▶ **EXERCISE OBJECTIVE**
Two lines mark the range in the entries below: the one holding "unfolding quad_form_add[OF herm]" and the one holding "v) + t\<^sup>2". Set down those two and all lines between them, exactly.

START RAW DATA

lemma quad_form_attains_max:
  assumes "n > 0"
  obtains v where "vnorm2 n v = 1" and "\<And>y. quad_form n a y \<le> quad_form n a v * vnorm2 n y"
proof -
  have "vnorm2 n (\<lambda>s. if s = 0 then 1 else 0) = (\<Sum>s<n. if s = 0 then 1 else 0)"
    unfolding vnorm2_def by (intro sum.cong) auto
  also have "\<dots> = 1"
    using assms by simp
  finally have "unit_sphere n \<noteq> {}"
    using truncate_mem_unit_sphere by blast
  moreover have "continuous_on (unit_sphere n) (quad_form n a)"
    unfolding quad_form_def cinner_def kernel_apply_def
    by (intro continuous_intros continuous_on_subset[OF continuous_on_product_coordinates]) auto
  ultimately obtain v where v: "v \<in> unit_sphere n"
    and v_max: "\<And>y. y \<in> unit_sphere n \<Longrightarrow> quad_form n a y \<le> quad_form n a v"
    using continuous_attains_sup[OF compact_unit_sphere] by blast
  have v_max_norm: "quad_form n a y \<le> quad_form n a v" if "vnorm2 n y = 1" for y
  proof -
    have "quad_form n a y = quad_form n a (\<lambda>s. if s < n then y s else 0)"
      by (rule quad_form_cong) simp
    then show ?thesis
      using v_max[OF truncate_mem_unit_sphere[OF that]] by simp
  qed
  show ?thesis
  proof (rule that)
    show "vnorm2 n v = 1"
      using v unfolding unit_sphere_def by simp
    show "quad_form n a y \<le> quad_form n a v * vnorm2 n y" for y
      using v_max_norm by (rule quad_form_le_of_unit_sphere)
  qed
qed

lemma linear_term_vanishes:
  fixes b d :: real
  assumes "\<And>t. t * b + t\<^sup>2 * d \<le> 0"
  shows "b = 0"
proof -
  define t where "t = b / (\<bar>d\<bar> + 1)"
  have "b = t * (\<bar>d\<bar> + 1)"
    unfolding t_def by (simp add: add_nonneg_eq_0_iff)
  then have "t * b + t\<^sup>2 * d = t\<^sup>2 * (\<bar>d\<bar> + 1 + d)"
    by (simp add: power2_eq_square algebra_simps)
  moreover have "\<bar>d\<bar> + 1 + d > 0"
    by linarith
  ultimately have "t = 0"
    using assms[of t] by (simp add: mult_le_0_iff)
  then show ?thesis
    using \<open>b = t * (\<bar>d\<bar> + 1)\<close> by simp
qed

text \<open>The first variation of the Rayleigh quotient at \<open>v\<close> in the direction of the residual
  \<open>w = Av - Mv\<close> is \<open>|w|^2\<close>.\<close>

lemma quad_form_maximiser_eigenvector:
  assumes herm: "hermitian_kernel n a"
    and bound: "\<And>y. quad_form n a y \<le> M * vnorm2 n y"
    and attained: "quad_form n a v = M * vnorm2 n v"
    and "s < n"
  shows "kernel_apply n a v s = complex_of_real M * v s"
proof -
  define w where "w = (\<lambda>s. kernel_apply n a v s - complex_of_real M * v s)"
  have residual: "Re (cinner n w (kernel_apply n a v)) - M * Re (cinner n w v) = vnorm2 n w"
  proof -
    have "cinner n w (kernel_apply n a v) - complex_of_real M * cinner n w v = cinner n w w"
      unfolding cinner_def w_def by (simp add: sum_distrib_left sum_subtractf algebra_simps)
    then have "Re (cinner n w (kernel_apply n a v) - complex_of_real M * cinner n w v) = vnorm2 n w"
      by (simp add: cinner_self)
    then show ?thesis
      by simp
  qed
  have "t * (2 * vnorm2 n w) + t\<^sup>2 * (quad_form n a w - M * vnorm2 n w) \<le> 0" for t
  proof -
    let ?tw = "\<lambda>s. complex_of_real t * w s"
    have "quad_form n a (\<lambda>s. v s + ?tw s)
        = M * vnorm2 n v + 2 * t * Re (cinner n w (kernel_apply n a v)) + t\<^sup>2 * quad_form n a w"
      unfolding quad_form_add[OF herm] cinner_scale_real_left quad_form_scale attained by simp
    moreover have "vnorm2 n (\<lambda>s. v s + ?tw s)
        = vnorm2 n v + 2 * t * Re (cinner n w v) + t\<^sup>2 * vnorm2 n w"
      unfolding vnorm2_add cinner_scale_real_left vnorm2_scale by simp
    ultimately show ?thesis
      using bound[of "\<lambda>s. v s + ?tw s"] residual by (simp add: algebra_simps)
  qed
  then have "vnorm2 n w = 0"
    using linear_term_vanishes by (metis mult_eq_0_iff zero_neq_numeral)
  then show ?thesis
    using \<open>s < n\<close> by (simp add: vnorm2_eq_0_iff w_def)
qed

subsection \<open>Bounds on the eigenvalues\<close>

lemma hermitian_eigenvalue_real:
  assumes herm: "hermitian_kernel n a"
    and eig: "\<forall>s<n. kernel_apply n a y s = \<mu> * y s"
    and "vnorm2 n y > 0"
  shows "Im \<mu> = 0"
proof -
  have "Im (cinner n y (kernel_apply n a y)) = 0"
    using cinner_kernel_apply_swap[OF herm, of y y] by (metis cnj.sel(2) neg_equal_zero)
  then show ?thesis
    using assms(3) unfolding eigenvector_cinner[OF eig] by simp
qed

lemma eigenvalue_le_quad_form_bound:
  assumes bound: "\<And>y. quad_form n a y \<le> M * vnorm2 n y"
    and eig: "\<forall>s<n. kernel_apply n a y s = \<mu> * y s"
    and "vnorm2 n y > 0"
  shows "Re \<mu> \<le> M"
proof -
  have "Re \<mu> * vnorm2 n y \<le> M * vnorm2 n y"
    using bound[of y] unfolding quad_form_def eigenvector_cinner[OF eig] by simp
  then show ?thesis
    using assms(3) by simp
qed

END RAW DATA
START RAW DATA

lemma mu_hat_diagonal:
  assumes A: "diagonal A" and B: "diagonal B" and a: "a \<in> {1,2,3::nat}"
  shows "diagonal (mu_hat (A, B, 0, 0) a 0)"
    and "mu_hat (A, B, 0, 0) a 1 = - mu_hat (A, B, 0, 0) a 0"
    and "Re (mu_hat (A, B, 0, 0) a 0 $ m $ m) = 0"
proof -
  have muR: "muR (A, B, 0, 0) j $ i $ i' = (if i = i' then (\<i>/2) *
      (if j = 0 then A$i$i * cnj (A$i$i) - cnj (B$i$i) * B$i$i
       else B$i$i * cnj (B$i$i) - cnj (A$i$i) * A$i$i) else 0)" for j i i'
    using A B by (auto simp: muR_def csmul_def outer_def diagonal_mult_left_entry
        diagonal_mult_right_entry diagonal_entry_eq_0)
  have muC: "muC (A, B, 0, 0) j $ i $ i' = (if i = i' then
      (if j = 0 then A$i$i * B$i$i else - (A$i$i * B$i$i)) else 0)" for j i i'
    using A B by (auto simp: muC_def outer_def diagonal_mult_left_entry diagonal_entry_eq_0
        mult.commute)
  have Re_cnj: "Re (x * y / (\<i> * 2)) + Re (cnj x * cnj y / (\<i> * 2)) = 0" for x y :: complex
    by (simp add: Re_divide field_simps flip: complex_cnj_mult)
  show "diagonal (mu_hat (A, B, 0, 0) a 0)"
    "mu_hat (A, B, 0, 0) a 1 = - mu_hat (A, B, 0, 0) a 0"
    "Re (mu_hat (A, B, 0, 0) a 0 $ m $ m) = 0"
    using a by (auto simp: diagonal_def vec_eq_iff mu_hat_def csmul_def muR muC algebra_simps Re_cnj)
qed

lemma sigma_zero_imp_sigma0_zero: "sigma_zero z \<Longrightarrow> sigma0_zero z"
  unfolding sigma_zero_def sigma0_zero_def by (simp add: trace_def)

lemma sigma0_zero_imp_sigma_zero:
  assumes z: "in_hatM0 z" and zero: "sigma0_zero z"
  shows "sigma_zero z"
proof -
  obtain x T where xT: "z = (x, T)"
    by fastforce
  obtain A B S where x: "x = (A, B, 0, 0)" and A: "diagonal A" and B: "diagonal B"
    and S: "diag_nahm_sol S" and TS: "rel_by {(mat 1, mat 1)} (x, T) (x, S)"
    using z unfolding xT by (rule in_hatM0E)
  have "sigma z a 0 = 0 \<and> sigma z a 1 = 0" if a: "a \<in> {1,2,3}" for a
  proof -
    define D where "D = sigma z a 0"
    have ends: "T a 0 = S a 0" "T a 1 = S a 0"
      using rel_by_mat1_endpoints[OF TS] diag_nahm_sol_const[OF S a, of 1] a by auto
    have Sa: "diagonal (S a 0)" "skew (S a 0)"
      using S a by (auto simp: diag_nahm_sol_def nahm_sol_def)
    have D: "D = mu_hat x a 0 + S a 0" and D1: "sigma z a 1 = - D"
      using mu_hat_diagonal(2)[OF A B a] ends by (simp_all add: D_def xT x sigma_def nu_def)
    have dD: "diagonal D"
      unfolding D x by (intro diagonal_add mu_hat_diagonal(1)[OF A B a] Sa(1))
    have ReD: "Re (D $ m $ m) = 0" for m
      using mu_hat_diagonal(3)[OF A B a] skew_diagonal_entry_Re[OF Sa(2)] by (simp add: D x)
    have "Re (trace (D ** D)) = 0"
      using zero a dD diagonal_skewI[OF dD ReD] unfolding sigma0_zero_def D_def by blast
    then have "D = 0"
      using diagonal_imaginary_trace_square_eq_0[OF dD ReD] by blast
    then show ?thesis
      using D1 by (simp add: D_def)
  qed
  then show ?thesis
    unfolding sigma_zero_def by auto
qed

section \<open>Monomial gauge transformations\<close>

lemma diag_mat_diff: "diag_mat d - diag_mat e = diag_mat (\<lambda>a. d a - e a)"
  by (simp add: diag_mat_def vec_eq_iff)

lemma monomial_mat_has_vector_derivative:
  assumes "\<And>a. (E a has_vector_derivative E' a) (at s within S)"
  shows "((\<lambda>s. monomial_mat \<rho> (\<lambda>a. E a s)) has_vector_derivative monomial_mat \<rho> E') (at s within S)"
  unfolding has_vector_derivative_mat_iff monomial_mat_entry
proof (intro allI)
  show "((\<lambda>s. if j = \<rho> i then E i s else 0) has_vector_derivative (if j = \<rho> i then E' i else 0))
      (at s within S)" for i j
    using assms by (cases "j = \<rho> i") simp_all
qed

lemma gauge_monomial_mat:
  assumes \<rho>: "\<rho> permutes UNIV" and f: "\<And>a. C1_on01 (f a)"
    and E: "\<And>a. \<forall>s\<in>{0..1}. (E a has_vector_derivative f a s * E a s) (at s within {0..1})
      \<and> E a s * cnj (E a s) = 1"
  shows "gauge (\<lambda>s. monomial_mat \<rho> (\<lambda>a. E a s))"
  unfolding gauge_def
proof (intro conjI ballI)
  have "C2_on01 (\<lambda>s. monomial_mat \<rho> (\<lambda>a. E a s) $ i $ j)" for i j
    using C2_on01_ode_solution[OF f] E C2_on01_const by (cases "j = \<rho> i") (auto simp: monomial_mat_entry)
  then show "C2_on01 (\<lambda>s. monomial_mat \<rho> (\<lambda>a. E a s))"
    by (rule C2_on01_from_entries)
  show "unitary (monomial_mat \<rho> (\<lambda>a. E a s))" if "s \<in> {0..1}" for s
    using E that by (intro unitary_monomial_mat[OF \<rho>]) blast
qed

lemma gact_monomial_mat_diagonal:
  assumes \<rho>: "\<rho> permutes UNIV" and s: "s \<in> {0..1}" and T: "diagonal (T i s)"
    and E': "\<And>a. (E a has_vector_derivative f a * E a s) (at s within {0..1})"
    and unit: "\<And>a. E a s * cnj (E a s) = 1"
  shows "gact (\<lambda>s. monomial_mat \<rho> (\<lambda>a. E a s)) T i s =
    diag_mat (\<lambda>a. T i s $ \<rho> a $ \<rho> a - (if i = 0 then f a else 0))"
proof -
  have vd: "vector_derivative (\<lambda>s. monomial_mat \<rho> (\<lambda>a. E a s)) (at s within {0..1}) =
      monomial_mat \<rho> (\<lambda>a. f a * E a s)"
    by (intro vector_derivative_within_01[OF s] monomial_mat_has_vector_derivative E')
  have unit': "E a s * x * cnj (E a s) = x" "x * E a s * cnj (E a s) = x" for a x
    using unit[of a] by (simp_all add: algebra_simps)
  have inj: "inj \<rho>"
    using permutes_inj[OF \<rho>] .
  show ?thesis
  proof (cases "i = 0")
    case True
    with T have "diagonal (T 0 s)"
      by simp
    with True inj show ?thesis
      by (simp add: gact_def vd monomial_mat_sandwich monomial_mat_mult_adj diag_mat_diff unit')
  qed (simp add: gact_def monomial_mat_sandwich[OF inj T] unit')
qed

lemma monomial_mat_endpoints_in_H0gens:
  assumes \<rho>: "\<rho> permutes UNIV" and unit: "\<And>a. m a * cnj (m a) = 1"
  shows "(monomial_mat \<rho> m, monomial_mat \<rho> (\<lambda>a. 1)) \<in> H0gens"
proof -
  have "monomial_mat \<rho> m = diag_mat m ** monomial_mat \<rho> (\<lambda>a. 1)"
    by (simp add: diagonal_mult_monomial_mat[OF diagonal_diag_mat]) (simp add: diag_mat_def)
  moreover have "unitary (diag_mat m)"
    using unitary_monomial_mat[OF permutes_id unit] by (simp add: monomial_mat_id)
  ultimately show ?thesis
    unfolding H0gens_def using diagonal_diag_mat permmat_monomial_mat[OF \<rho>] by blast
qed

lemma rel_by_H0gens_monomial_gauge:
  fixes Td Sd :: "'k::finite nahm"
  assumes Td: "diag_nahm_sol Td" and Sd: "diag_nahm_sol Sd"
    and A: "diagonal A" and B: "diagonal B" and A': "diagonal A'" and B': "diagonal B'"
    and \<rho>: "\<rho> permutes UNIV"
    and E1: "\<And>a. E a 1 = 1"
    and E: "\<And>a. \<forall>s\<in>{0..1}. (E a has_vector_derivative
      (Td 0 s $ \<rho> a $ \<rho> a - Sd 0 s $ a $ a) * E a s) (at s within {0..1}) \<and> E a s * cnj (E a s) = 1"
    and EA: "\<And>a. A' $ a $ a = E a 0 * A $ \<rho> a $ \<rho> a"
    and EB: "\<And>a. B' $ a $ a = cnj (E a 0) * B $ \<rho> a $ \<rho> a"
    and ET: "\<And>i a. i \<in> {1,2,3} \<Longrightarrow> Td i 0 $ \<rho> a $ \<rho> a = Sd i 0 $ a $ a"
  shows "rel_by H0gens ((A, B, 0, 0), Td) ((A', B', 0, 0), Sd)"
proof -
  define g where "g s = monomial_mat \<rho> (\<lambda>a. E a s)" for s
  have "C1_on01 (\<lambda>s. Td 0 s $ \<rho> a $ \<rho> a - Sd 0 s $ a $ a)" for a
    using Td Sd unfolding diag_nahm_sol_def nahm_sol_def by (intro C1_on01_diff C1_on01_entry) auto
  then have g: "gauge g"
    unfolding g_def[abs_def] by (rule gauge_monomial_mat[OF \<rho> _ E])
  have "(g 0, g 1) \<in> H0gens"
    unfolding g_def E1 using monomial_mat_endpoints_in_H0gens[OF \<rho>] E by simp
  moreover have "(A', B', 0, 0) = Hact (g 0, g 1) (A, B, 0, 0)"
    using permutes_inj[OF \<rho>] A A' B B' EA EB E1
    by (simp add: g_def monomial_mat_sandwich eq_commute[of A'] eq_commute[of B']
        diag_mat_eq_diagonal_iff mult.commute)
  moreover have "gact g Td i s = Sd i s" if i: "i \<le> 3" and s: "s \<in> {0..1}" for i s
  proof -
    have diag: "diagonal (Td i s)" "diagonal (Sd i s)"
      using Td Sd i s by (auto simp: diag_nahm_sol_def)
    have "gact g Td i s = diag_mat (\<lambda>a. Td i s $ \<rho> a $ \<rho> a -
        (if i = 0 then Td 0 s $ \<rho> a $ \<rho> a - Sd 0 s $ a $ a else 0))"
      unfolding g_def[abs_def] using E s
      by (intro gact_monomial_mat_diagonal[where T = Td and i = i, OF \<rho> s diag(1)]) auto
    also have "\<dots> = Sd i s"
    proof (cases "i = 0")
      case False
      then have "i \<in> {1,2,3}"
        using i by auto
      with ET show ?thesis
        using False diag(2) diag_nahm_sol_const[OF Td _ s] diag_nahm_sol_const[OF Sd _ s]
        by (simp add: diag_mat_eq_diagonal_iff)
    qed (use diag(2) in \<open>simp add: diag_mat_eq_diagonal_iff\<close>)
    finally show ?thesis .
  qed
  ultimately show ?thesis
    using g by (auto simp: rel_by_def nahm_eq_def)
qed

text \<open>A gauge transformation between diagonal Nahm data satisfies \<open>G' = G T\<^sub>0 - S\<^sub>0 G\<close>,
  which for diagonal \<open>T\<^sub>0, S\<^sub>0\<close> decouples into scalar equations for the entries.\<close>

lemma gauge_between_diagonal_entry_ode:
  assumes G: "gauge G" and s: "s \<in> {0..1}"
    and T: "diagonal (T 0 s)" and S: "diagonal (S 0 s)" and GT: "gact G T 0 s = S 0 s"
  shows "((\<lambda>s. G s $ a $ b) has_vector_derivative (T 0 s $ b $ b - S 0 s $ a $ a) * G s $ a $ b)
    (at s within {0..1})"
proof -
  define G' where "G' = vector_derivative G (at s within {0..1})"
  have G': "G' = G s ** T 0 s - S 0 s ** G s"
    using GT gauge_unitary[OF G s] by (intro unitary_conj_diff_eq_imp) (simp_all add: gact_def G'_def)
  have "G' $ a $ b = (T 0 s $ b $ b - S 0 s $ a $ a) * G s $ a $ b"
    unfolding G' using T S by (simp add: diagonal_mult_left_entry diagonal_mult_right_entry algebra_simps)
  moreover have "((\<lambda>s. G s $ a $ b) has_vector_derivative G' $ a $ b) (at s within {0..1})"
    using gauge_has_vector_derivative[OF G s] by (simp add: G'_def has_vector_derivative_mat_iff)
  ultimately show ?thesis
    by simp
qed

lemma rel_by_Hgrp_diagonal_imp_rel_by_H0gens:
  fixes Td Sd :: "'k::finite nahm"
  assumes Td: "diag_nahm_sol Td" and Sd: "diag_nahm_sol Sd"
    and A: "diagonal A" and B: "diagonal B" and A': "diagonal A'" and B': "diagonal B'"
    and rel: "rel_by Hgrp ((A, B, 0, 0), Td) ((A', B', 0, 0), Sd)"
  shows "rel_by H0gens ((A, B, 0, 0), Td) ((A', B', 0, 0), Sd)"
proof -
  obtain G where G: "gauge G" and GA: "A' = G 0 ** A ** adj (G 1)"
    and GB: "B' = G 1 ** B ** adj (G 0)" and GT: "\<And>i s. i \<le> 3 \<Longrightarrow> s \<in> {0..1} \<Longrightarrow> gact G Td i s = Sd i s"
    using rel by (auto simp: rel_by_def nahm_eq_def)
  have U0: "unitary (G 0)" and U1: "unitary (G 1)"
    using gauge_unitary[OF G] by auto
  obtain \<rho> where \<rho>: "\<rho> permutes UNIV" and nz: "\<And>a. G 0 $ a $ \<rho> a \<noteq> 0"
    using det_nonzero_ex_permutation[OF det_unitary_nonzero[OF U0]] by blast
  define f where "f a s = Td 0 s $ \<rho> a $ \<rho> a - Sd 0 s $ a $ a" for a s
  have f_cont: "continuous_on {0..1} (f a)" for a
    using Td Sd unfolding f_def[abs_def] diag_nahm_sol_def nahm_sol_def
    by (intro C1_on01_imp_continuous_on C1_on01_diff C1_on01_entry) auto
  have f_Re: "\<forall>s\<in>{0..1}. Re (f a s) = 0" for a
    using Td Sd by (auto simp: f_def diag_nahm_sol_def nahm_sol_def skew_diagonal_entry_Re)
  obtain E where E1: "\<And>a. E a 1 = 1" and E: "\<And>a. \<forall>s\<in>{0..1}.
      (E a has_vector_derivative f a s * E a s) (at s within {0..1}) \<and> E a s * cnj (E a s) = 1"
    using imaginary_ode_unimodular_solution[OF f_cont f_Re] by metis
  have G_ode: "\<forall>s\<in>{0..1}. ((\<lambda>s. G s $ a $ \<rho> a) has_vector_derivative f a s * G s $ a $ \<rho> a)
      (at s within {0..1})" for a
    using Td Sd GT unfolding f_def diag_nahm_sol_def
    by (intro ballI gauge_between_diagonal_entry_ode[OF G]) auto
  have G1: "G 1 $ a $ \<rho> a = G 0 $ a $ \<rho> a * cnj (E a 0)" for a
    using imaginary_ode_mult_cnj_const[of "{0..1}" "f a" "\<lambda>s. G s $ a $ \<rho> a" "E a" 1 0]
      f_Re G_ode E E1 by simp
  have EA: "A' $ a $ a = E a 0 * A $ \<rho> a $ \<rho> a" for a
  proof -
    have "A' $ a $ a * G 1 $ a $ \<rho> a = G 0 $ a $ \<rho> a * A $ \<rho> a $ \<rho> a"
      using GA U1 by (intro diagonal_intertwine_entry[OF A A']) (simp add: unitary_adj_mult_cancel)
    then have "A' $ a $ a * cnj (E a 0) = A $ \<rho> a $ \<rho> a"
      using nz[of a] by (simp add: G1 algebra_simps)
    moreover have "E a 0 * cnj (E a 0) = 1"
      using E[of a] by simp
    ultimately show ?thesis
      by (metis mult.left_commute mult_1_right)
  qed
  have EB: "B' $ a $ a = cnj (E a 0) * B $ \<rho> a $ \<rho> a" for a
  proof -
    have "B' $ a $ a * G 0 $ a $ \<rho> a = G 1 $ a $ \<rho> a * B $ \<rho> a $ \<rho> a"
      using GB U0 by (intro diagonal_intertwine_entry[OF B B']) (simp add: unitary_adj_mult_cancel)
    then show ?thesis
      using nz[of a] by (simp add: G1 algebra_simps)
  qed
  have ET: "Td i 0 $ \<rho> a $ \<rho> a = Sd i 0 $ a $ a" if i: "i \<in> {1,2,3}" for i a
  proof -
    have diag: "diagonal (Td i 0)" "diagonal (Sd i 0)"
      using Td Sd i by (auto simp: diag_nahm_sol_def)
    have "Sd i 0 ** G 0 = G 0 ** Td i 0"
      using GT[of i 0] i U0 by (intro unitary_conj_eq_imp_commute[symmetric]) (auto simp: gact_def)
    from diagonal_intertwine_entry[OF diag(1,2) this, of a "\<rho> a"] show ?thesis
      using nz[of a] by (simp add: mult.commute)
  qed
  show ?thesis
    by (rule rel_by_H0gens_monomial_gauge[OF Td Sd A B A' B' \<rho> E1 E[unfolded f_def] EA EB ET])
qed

END RAW DATA

▶ **TASK ANSWER**
      unfolding quad_form_add[OF herm] cinner_scale_real_left quad_form_scale attained by simp
    moreover have "vnorm2 n (\<lambda>s. v s + ?tw s)
        = vnorm2 n v + 2 * t * Re (cinner n w v) + t\<^sup>2 * vnorm2 n w"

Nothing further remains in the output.